Learning how to develop a story idea comes with practice and staying curious. These 7 story development exercises will help you ask questions and flesh out rudimentary ideas with greater substance and detail:

Learning how to develop a story idea comes with practice and staying curious. These 7 story development exercises will help you ask questions and flesh out rudimentary ideas with greater substance and detail:

How to develop your story from first ideas:

  1. Ask expansive, hypothetical questions
  2. Do character development exercises
  3. Use the news to develop story ideas
  4. Do your fifteen minutes a day
  5. Be a journalist about the Five Ws
  6. Ask your characters about their GMCs
  7. Write a two-line, page and paragraph summary

Let’s explore story development futher:

Ask expansive, hypothetical questions

Hypothetical questions are incredibly useful for expanding fleeting ideas into fuller concepts.

Neil Gaiman has written about how to develop a story idea by asking ‘What if…’:

You get ideas when you ask yourself simple questions. The most important of the questions is just, What if…?

(What if you woke up with wings? What if your sister turned into a mouse? …)

Neil Gaiman, ‘Where do you get your ideas?’, via the author’s essays on his website.

Gaiman is writing about how to find an initial idea, of course, but the same process can help you find interesting story development questions once you have your primary story idea.

Story development exercise: Active daydreaming

Take your basic story idea (if you don’t have an idea or would like to try a new one, use the free Central Idea section of Now Novel’s outlining dashboard).

Brainstorm five ‘what if…’ questions inspired by this idea and its parameters. Here’s an example using the blurb for Stephen King’s Billy Summers (2021):

King’s Story Idea: A killer for hire who only takes out bad guys seeks redemption as he does one final job.

What if:

  • The key bad guy for the final job is actually a really good guy and the killer finds out too late?
  • The final job involves taking out a close friend or confidant?
  • The killer misunderstands the brief for the final job?
  • The final job goes wrong and the killer’s own life is on the line?
  • The killer for hire is made a rival offer he cannot refuse?

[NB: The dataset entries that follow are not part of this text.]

lemma fk_test_vec:
  assumes s: "s \<in> {10..9+k1}" "s \<notin> S" and m: "m < 10"
  obtains R B where "\<And>\<sigma> v. fk k1 k2 (test_vec (10+k1+k2) S \<alpha> s m \<sigma> v)
      = (test_vec (10+k1+k2) S \<alpha> s m \<sigma> v ! ((\<sigma> + R) mod 10) + B) mod 10"
proof -
  let ?x = "test_vec (10+k1+k2) S \<alpha> s m"
  let ?base = "\<lambda>i. if i \<in> S then \<alpha> i else 0"
  define R where "R = (\<Sum>i\<in>{10..9+k1} - {s}. ?base i)"
  define B where "B = (\<Sum>i\<in>{10+k1..9+k1+k2}. ?base i)"
  have "selector k1 (?x \<sigma> v) = (\<sigma> + R) mod 10" for \<sigma> v
  proof -
    have "(\<Sum>i\<in>{10..9+k1}. ?x \<sigma> v ! i) = ?x \<sigma> v ! s + (\<Sum>i\<in>{10..9+k1} - {s}. ?x \<sigma> v ! i)"
      using s by (intro sum.remove) auto
    also have "(\<Sum>i\<in>{10..9+k1} - {s}. ?x \<sigma> v ! i) = R"
      unfolding R_def using m by (intro sum.cong refl) (auto simp: test_vec_nth)
    finally show ?thesis using s by (auto simp: selector_def test_vec_nth)
  qed
  moreover have "(\<Sum>i=10+k1..9+k1+k2. ?x \<sigma> v ! i) = B" for \<sigma> v
    unfolding B_def using s m by (intro sum.cong refl) (auto simp: test_vec_nth)
  ultimately show ?thesis using that by (simp add: fk_selector)
qed

(* Lower bound: steering the selector away from m makes f ignore v, steering it to m
   makes f = v + B mod 10; by affine_obstruction no restriction with |S| < k1 is affine. *)
lemma fk_not_affine:
  assumes k1: "k1 \<le> 10" and S: "S \<subseteq> {0..<10+k1+k2}" "card S < k1" "\<forall>i\<in>S. \<alpha> i < dd"
    and dh: "2 \<le> dh"
  shows "\<not> affine_restriction (10+k1+k2) (fk k1 k2) S \<alpha> dh a b"
proof
  assume aff: "affine_restriction (10+k1+k2) (fk k1 k2) S \<alpha> dh a b"
  obtain s m where s: "s \<in> {10..9+k1}" "s \<notin> S" and m: "m < 10" "m \<notin> S"
    using free_coordinates[OF S(1,2) k1] by metis
  define F where "F \<sigma> v = fk k1 k2 (test_vec (10+k1+k2) S \<alpha> s m \<sigma> v)" for \<sigma> v
  obtain R B where F_eq: "\<And>\<sigma> v. F \<sigma> v
      = (test_vec (10+k1+k2) S \<alpha> s m \<sigma> v ! ((\<sigma> + R) mod 10) + B) mod 10"
    using fk_test_vec[OF s m(1)] unfolding F_def by metis
  have low: "test_vec (10+k1+k2) S \<alpha> s m \<sigma> v ! i = (if i \<in> S then \<alpha> i else if i = m then v else 0)"
    if "i < 10" for \<sigma> v i
    using that s by (simp add: test_vec_nth)
  have F_aff: "int (F \<sigma> v) mod int dh = (b + a s * int \<sigma> + a m * int v) mod int dh"
    if "\<sigma> < 10" "v < 10" for \<sigma> v
    unfolding F_def using s m that by (intro test_vec_affine[OF aff S(1,3)]) auto
  define m' where "m' = (if m = 0 then 1 else (0::nat))"
  have "m' < 10" by (simp add: m'_def)
  then obtain \<sigma>0 where \<sigma>0: "\<sigma>0 < 10" "(\<sigma>0 + R) mod 10 = m'"
    using mod_ten_surj by blast
  obtain \<sigma>1 where \<sigma>1: "\<sigma>1 < 10" "(\<sigma>1 + R) mod 10 = m"
    using mod_ten_surj[OF m(1)] by blast
  obtain v0 where v0: "v0 < 10" "(v0 + B) mod 10 = 0" using mod_ten_surj[of 0 B] by auto
  obtain v1 where v1: "v1 < 10" "(v1 + B) mod 10 = 1" using mod_ten_surj[of 1 B] by auto
  have "F \<sigma>0 0 = F \<sigma>0 1" unfolding F_eq \<sigma>0(2) by (simp add: low m'_def)
  moreover have "F \<sigma>1 v0 = 0" "F \<sigma>1 v1 = 1" unfolding F_eq \<sigma>1(2) using m v0 v1 by (simp_all add: low)
  ultimately show False
    using affine_obstruction[OF F_aff \<sigma>0(1) _ \<sigma>1(1) v0(1) v1(1) _ _ dh] by blast
qed

lemma gf_fk:
  assumes "0 < k1" "k1 \<le> 10"
  shows "gf (10+k1+k2) (fk k1 k2) = k1"
  unfolding gf_affine_restriction
proof (rule Least_equality)
  show "\<exists>S \<alpha> dh a b. S \<subseteq> {0..<10+k1+k2} \<and> card S = k1 \<and> (\<forall>i\<in>S. \<alpha> i < dd) \<and>
      2 \<le> dh \<and> dh \<le> dd \<and> affine_restriction (10+k1+k2) (fk k1 k2) S \<alpha> dh a b"
    using fk_affine_selector_fixed[of k1 k2]
    by (intro exI[of _ "{10..9+k1}"] exI[of _ "\<lambda>_. 0 :: nat"] exI[of _ "10 :: nat"]
        exI[of _ "\<lambda>i. if i \<in> insert 0 {10+k1..9+k1+k2} then 1 else 0 :: int"] exI[of _ "0 :: int"])
      (auto simp: dd_def)
next
  fix l
  assume "\<exists>S \<alpha> dh a b. S \<subseteq> {0..<10+k1+k2} \<and> card S = l \<and> (\<forall>i\<in>S. \<alpha> i < dd) \<and>
      2 \<le> dh \<and> dh \<le> dd \<and> affine_restriction (10+k1+k2) (fk k1 k2) S \<alpha> dh a b"
  then show "k1 \<le> l" using fk_not_affine[OF assms(2)] by (meson not_le)
qed

theorem claim1:
  fixes k1 k2 :: nat
  assumes "0 < k1" and "k1 \<le> 10" and "0 < k2"
  shows "gf (10 + k1 + k2) (fk k1 k2) = k1
       \<and> rf (10 + k1 + k2) (fk k1 k2) = k2 + 1
       \<and> sf (10 + k1 + k2) (fk k1 k2) = min ((real k2 + 1) / 2) (real k1 + 1)"
proof -
  have g: "gf (10 + k1 + k2) (fk k1 k2) = k1" using gf_fk[OF assms(1,2)] .
  have r: "rf (10 + k1 + k2) (fk k1 k2) = k2 + 1" using rf_fk[OF assms(3)] .
  then have "sf (10 + k1 + k2) (fk k1 k2) = min ((real k2 + 1) / 2) (real k1 + 1)"
    unfolding sf_def g by (simp add: add.commute)
  with g r show ?thesis by blast
qed

end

Try to imagine an answering ‘Then…’ statement for each of the what if questions you come up with.

Do character development exercises

When asked how to develop a story idea, many authors mention interviewing their characters or creating questionnaires.

Take, for example, the story idea above, the core idea for Stephen King’s Billy Summers. Knowing these story parameters, you could ask the anti-hero killer main character:

  • Why did you become a killer for hire?
  • Why do you only take out ‘bad guys’?
  • What’s your definition of a ‘bad guy’?
  • What does ‘redemption’ mean to you?
  • Who deserves redemption?

Brainstorm your own character development questions and use them to look deeper into the characters outlined in your central idea – their goals and the motivations underlying them. Start thinking deeper about conflicts that could arise from these details.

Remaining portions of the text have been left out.